Under this scheme you want to control access both on a role basis as well as a project basis. When a new actor enters the fray he gets an account and is added to relevant group, when he's assigned to a new project we just assign him access rights after which he does a root update that updates his directory structure. This has a number of advantages which seems to be very hard to achieve with mercurial:
- Updates / commits, everything is faster because we don't need to consider the entire repository. Faster in every regard, bandwidth usage, computationally, disc access etc.

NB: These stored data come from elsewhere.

(* For every integer $k\ge 1$, the ordinary generating function $F^{-}_k(x)=\sum_{n\ge1} f^{(n)}_k x^n$, where $f^{(n)}_k$ is the number of trees $t\in\mathcal{T}_n$ with $\gamma(t)\le k$, satisfies $$F^{-}_k = x + (F^{-}_k)^2 - 2^{k-1}x^{k+1},$$ and consequently $$F^{-}_k(x)=\frac{1-\sqrt{1-4x+2^{k+1}x^{k+1}}}{2}.$$
   Context: $\mathcal{T}$ denotes the class of ordered (plane) rooted binary trees, in which every internal node has exactly two ordered children (left and right); the size of a tree is its number of leaves, and $\mathcal{T}_n$ is the set of such trees of size $n$. A tree is a caterpillar if every node is either a leaf or has at least one leaf among its direct children (the single-leaf tree is the caterpillar of size 1). For a tree $t$ and a node $v$, the subtree of $t$ at $v$ consists of $v$ together with all its descendants. $\gamma(t)$ is the largest size of a caterpillar that occurs as the subtree of $t$ at some node of $t$. *)

theory Defs
  imports Complex_Main "HOL-Computational_Algebra.Formal_Power_Series"
begin

datatype btree = Leaf | Node btree btree

fun tsize :: "btree \<Rightarrow> nat" where
  "tsize Leaf = 1"
| "tsize (Node l r) = tsize l + tsize r"

fun caterpillar :: "btree \<Rightarrow> bool" where
  "caterpillar Leaf = True"
| "caterpillar (Node l r) = ((l = Leaf \<or> r = Leaf) \<and> caterpillar l \<and> caterpillar r)"

fun subtrees :: "btree \<Rightarrow> btree set" where
  "subtrees Leaf = {Leaf}"
| "subtrees (Node l r) = insert (Node l r) (subtrees l \<union> subtrees r)"

definition gamma :: "btree \<Rightarrow> nat" where
  "gamma t = Max (tsize ` {s \<in> subtrees t. caterpillar s})"

definition fcount :: "nat \<Rightarrow> nat \<Rightarrow> nat" where
  "fcount k n = card {t. tsize t = n \<and> gamma t \<le> k}"

definition Fminus :: "nat \<Rightarrow> real fps" where
  "Fminus k = Abs_fps (\<lambda>n. if n = 0 then 0 else real (fcount k n))"

end

theory Submission
  imports Defs
begin

(* A tree t satisfies gamma t <= k iff every caterpillar subtree of t has at most k
   leaves ("t is k-bounded").  This condition is local: Node l r is k-bounded iff l and r
   are k-bounded and Node l r is not itself a caterpillar with more than k leaves.
   Hence the k-bounded trees with n >= 2 leaves are the pairs (l, r) of k-bounded trees
   with n leaves in total (counted by the convolution, i.e. the coefficient of F^2),
   minus the pairs forming a caterpillar with n > k leaves.  Since both children of a
   caterpillar are caterpillars with at most n - 1 leaves, such a bad pair exists only
   for n = k + 1, and then the bad pairs are all caterpillars with k + 1 leaves, of which
   there are 2^(k-1).  The closed form then
   follows from a general fact: a power series F with F(0) = 0 solving
   F = X + F^2 - c X^m is (1 - sqrt(1 - 4X + 4c X^m)) / 2, because (1 - 2F)^2 equals
   the radicand and 1 - 2F has constant term 1. *)

lemma tsize_pos: "tsize t \<ge> 1"
  by (induction t) auto

lemma tsize_eq_1_iff: "tsize t = 1 \<longleftrightarrow> t = Leaf"
proof (cases t)
  case (Node l r)
  then show ?thesis using tsize_pos[of l] tsize_pos[of r] by auto
qed simp

lemma Leaf_in_subtrees: "Leaf \<in> subtrees t"
  by (induction t) auto

lemma self_in_subtrees: "t \<in> subtrees t"
  by (cases t) auto

lemma finite_subtrees: "finite (subtrees t)"
  by (induction t) auto

lemma tsize_subtree: "s \<in> subtrees t \<Longrightarrow> tsize s \<le> tsize t"
  by (induction t) auto

text \<open>There are only finitely many trees of each size: a tree of size n is a leaf or
  a node whose children have sizes i and n - i with 1 <= i < n.\<close>

lemma finite_trees_of_size: "finite {t. tsize t = n}"
proof (induction n rule: less_induct)
  case (less n)
  let ?pairs = "\<Union>i\<in>{1..<n}. {t. tsize t = i} \<times> {t. tsize t = n - i}"
  have "{t. tsize t = n} \<subseteq> insert Leaf (case_prod Node ` ?pairs)"
  proof
    fix t assume "t \<in> {t. tsize t = n}"
    then show "t \<in> insert Leaf (case_prod Node ` ?pairs)"
    proof (cases t)
      case (Node l r)
      with \<open>t \<in> _\<close> tsize_pos[of l] tsize_pos[of r] have "(l, r) \<in> ?pairs"
        by auto
      then show ?thesis
        using Node by force
    qed simp
  qed
  moreover have "finite (insert Leaf (case_prod Node ` ?pairs))"
    using less by auto
  ultimately show ?case
    by (rule finite_subset)
qed

section \<open>gamma t \<le> k as a local condition\<close>

definition bounded :: "nat \<Rightarrow> btree \<Rightarrow> bool" where
  "bounded k t \<longleftrightarrow> (\<forall>s\<in>subtrees t. caterpillar s \<longrightarrow> tsize s \<le> k)"

lemma gamma_le_iff_bounded: "gamma t \<le> k \<longleftrightarrow> bounded k t"
proof -
  let ?S = "tsize ` {s \<in> subtrees t. caterpillar s}"
  have "finite ?S" "?S \<noteq> {}"
    using finite_subtrees Leaf_in_subtrees[of t] by auto
  then show ?thesis
    unfolding gamma_def bounded_def by (auto simp: Max_le_iff)
qed

lemma bounded_Leaf: "bounded k Leaf \<longleftrightarrow> k \<ge> 1"
  by (simp add: bounded_def)

lemma bounded_Node:
  "bounded k (Node l r) \<longleftrightarrow>
     bounded k l \<and> bounded k r \<and> \<not> (caterpillar (Node l r) \<and> tsize l + tsize r > k)"
  unfolding bounded_def by (auto simp del: caterpillar.simps)

lemma caterpillar_bounded: "caterpillar t \<Longrightarrow> bounded k t \<longleftrightarrow> tsize t \<le> k"
  unfolding bounded_def using self_in_subtrees tsize_subtree by fastforce

section \<open>Counting caterpillars\<close>

definition caterpillars :: "nat \<Rightarrow> btree set" where
  "caterpillars m = {t. caterpillar t \<and> tsize t = m}"

lemma caterpillars_Suc:
  assumes "m \<ge> 2"
  shows "caterpillars (Suc m) = Node Leaf ` caterpillars m \<union> (\<lambda>s. Node s Leaf) ` caterpillars m"
proof
  show "caterpillars (Suc m) \<subseteq> Node Leaf ` caterpillars m \<union> (\<lambda>s. Node s Leaf) ` caterpillars m"
  proof
    fix t assume t: "t \<in> caterpillars (Suc m)"
    show "t \<in> Node Leaf ` caterpillars m \<union> (\<lambda>s. Node s Leaf) ` caterpillars m"
      using t assms by (cases t) (auto simp: caterpillars_def image_iff)
  qed
qed (auto simp: caterpillars_def)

- We know for a fact that person X cannot fuck up stuff in directory branch Y, because he simply does not have access.
- If someones computer is compromised, the damage is limited.
Using pattern matching with groups, as in mod_dav_svn, makes setting up such a system easy. As access needs to be controlled in more dimensions it's to just add a new pattern. As this extension is already trying to fix the root problem in mercurial for this type of setup it would seem the only thing that would be needed in addition is for it to work with the ACL extension.